Recorded data
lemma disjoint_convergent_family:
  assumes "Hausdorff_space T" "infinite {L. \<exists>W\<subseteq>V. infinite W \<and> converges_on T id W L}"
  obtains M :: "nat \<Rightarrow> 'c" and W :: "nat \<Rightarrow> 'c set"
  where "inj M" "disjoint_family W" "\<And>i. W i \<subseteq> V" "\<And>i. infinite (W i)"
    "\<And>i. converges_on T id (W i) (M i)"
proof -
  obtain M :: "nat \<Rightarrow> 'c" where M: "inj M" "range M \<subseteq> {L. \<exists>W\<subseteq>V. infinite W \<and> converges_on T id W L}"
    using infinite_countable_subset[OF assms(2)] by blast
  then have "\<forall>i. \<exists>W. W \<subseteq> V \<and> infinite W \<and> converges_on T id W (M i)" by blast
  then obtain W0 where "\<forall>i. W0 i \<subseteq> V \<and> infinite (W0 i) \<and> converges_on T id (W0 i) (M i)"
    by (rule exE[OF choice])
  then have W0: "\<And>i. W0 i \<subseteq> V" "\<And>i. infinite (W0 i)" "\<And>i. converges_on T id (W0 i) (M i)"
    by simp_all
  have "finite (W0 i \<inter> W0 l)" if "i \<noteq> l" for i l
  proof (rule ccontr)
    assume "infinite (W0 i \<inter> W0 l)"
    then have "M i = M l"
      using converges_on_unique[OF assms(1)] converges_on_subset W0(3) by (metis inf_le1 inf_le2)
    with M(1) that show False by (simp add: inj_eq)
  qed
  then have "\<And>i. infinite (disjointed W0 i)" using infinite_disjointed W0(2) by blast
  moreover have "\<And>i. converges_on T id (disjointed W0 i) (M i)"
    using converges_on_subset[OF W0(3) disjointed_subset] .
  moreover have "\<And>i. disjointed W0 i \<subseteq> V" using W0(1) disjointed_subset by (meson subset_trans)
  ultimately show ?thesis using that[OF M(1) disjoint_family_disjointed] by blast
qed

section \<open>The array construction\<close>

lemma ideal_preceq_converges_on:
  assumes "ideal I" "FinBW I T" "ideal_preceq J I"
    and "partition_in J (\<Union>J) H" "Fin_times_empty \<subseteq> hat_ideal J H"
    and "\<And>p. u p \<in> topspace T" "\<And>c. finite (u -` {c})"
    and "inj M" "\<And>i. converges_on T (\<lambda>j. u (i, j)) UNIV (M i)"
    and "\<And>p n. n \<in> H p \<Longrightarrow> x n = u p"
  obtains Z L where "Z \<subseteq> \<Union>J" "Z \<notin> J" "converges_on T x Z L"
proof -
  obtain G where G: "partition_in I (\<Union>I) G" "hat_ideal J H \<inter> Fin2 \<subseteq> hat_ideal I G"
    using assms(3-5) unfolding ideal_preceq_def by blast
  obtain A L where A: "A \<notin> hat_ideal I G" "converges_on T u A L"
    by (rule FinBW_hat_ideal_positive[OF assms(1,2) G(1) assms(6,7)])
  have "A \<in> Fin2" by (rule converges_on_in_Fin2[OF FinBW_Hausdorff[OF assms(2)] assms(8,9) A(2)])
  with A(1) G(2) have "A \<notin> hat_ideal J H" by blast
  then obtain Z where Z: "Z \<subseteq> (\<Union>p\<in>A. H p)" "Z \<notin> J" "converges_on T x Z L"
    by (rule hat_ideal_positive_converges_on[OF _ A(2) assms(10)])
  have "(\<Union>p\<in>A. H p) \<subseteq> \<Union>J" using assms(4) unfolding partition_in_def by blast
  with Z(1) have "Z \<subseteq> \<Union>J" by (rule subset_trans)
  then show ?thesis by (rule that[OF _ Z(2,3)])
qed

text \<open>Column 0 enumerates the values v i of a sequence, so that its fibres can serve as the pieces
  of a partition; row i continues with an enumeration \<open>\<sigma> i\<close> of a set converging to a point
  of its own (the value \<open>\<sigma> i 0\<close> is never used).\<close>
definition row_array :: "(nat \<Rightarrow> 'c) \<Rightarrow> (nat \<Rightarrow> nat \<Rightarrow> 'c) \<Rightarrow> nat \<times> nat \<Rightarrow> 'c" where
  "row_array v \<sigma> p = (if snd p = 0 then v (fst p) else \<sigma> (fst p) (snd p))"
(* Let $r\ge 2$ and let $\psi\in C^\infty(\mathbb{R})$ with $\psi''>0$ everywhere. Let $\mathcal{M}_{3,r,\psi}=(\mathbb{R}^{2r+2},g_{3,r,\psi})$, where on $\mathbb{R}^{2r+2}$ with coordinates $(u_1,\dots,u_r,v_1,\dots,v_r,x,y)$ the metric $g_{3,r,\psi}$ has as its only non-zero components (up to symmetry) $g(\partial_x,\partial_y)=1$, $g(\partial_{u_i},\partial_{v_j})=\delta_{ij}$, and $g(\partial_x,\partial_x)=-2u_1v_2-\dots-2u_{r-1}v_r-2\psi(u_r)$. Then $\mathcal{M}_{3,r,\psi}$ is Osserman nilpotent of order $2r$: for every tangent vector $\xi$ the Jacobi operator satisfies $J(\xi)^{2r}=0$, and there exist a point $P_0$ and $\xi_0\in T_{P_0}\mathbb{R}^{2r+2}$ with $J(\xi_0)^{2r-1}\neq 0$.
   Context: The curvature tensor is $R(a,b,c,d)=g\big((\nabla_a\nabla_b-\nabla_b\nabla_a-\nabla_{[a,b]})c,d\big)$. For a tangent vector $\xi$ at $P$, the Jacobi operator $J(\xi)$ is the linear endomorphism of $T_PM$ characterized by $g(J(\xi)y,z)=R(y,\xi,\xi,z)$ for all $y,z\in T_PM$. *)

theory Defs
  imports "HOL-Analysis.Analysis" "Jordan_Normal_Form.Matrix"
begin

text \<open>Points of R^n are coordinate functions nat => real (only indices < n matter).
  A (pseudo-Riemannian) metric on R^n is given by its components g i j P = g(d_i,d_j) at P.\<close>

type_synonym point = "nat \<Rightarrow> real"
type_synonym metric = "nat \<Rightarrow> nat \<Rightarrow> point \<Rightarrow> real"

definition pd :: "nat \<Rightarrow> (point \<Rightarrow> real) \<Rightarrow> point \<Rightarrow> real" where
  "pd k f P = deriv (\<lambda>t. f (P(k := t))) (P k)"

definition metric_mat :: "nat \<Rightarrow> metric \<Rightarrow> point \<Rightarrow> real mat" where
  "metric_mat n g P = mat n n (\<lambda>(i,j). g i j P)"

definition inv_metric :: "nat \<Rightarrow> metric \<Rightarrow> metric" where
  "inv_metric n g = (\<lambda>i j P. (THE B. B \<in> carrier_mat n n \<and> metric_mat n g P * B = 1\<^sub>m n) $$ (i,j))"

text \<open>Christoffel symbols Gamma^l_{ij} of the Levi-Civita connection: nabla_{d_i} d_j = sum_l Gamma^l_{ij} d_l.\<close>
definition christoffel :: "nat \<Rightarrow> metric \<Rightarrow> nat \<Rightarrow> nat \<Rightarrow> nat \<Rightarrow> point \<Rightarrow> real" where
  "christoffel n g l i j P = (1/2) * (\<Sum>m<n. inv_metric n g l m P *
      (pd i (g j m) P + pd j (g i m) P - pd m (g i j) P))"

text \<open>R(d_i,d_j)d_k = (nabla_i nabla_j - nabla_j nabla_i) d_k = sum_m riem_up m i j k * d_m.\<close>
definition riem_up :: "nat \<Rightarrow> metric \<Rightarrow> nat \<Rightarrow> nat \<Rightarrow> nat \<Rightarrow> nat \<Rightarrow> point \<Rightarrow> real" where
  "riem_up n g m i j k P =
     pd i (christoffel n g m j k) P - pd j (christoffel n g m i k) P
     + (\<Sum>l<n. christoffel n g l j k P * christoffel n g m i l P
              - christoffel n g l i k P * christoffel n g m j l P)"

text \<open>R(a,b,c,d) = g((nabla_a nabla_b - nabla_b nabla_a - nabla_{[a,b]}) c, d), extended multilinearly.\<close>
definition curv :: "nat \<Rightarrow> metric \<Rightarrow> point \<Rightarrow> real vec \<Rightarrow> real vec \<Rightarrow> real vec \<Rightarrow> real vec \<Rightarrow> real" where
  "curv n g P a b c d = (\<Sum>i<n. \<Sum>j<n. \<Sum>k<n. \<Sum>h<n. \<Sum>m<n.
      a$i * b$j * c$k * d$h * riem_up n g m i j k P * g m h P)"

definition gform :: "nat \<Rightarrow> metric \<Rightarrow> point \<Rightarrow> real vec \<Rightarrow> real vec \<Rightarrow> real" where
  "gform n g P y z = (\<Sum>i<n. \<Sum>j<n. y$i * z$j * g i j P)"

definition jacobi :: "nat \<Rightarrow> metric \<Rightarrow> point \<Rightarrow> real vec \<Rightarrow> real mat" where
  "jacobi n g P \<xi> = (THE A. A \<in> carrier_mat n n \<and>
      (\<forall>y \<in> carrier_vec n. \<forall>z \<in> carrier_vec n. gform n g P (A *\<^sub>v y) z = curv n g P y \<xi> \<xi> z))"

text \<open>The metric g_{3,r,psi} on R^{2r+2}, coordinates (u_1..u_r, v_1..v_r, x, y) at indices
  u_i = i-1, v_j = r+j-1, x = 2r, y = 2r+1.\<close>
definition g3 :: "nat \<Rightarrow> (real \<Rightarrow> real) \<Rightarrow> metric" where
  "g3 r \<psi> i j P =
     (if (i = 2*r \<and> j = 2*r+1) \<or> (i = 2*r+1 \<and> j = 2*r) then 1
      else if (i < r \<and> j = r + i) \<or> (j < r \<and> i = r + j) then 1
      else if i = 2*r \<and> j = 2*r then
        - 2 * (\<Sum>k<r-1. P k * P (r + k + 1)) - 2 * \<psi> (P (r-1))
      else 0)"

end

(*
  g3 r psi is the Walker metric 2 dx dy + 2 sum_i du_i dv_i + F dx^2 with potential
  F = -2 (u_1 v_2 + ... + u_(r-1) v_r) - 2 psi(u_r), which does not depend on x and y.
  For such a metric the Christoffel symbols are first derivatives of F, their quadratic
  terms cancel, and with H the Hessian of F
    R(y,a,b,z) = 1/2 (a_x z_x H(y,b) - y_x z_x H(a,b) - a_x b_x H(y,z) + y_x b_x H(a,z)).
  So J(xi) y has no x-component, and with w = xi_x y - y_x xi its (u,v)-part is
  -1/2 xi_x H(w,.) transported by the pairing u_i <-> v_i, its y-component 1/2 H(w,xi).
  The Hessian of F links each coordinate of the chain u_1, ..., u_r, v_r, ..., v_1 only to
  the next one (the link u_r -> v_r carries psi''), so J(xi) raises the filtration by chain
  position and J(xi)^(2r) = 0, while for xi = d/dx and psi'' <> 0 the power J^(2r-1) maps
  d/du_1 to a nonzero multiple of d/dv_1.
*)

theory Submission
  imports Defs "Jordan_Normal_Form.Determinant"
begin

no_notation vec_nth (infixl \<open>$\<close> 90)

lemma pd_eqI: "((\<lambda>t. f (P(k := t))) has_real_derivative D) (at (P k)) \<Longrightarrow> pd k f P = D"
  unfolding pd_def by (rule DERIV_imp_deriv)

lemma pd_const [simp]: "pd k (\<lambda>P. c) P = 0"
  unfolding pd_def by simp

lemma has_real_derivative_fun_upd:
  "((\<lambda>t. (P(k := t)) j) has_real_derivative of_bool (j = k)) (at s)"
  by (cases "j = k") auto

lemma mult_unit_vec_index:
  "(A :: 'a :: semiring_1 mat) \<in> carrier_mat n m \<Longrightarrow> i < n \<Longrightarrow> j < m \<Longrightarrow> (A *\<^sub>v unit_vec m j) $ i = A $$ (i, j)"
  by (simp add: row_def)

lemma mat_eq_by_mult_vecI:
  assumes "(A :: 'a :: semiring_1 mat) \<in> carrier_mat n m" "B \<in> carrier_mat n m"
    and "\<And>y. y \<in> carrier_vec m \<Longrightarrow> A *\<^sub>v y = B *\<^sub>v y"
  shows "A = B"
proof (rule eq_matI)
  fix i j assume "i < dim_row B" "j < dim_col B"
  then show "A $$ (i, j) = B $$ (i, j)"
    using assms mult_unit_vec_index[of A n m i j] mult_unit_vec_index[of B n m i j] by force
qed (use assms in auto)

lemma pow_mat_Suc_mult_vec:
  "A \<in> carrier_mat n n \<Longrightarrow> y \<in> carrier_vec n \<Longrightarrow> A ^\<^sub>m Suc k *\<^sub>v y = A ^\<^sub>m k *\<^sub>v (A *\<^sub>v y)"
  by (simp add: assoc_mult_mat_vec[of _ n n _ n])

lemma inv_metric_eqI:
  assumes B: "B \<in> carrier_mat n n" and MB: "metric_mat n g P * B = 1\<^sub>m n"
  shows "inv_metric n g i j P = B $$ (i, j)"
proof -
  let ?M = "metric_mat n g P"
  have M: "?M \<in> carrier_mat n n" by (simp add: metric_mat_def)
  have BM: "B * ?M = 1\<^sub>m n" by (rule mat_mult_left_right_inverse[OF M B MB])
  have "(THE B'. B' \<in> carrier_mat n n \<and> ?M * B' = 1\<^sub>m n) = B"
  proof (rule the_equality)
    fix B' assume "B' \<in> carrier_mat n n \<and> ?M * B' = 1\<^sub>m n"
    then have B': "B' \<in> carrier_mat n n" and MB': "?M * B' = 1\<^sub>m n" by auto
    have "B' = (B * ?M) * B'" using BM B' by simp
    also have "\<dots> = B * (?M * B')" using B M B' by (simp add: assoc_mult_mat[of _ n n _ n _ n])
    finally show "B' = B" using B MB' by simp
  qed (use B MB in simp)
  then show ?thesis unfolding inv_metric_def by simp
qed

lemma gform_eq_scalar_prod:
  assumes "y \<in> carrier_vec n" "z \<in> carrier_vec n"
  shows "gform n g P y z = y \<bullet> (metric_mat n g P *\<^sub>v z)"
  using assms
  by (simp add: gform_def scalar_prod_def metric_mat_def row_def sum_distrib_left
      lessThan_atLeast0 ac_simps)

==

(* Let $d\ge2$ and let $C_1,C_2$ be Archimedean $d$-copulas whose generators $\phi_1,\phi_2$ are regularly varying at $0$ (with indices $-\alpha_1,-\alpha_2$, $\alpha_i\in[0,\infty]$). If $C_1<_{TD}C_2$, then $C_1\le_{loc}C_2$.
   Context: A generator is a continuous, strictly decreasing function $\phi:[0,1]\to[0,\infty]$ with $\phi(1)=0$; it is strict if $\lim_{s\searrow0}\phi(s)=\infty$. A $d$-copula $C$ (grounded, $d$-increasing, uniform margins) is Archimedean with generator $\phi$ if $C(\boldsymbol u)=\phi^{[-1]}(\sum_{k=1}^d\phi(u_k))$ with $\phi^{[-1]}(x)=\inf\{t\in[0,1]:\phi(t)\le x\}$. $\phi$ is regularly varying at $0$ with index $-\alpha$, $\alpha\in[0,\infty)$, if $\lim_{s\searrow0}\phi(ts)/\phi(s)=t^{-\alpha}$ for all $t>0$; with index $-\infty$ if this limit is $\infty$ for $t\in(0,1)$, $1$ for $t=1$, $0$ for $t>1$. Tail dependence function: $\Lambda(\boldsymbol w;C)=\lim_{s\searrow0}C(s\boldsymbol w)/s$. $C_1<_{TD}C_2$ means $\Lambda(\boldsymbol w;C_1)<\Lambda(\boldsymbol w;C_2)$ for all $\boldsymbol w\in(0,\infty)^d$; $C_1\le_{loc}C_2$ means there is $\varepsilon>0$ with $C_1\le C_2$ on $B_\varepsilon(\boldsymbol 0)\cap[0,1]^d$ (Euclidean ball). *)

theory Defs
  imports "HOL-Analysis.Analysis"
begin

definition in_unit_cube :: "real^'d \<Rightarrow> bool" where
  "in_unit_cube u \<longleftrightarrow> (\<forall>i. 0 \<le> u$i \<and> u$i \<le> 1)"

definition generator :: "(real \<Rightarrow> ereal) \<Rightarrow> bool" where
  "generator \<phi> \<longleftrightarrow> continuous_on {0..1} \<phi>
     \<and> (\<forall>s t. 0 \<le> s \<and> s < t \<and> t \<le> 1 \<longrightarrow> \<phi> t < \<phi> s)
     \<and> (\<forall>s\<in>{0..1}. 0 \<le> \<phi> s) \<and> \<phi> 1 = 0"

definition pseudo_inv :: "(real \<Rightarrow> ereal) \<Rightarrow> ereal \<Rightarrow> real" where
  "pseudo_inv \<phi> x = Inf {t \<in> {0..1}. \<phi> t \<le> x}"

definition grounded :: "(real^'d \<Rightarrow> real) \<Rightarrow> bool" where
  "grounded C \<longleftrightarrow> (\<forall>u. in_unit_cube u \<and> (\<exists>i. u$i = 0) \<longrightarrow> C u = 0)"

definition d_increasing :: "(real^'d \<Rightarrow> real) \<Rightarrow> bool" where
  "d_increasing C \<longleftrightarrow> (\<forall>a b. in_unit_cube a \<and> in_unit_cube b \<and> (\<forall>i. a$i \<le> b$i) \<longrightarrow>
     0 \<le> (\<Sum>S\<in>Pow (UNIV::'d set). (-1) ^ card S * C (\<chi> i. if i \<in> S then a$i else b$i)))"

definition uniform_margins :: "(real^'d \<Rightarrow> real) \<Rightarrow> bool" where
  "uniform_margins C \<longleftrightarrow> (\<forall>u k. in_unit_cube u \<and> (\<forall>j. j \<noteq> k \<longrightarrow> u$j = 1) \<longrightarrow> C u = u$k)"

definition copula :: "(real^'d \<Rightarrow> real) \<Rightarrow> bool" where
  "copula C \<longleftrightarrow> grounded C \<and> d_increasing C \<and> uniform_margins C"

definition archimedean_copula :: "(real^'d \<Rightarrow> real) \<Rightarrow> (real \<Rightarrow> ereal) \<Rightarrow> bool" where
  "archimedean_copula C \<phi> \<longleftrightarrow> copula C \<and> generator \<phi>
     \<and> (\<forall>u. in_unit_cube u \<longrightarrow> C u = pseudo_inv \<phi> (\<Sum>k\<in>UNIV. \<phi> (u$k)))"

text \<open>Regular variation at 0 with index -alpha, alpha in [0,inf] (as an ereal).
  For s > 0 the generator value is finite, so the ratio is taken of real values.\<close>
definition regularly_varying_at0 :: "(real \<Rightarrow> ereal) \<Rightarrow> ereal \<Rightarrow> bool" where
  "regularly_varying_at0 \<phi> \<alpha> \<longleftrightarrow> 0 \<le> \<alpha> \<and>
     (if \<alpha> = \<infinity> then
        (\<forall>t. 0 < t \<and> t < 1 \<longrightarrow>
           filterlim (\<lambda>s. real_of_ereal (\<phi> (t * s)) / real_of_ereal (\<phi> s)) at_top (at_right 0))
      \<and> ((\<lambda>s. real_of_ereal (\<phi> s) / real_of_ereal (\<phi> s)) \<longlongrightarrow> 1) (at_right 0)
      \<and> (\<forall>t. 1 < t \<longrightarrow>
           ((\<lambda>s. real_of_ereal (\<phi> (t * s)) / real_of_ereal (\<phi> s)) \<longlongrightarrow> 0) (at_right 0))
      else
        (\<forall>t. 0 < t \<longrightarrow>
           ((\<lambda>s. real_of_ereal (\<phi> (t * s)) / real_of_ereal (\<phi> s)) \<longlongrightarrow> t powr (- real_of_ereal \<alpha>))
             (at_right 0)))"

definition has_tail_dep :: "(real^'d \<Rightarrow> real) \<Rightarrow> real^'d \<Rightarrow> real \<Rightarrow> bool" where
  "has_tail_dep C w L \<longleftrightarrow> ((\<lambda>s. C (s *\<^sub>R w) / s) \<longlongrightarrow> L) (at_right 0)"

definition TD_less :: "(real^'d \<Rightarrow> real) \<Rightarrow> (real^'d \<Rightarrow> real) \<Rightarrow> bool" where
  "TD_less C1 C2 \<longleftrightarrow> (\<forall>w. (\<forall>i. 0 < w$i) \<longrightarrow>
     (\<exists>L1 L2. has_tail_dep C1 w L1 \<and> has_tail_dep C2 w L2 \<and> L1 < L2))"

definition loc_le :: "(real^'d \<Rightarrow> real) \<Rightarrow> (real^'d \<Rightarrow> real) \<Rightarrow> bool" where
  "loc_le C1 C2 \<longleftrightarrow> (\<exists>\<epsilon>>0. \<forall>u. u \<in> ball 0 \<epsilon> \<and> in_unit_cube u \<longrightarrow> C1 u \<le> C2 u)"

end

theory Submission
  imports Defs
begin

• _Directions for this task_: Scan the data above; copy every line where "assms" appears.

• _Result for this exercise_:
    using infinite_countable_subset[OF assms(2)] by blast
      using converges_on_unique[OF assms(1)] converges_on_subset W0(3) by (metis inf_le1 inf_le2)
    using assms(3-5) unfolding ideal_preceq_def by blast
    by (rule FinBW_hat_ideal_positive[OF assms(1,2) G(1) assms(6,7)])
  have "A \<in> Fin2" by (rule converges_on_in_Fin2[OF FinBW_Hausdorff[OF assms(2)] assms(8,9) A(2)])
    by (rule hat_ideal_positive_converges_on[OF _ A(2) assms(10)])
  have "(\<Union>p\<in>A. H p) \<subseteq> \<Union>J" using assms(4) unfolding partition_in_def by blast
    using assms mult_unit_vec_index[of A n m i j] mult_unit_vec_index[of B n m i j] by force
qed (use assms in auto)
  using assms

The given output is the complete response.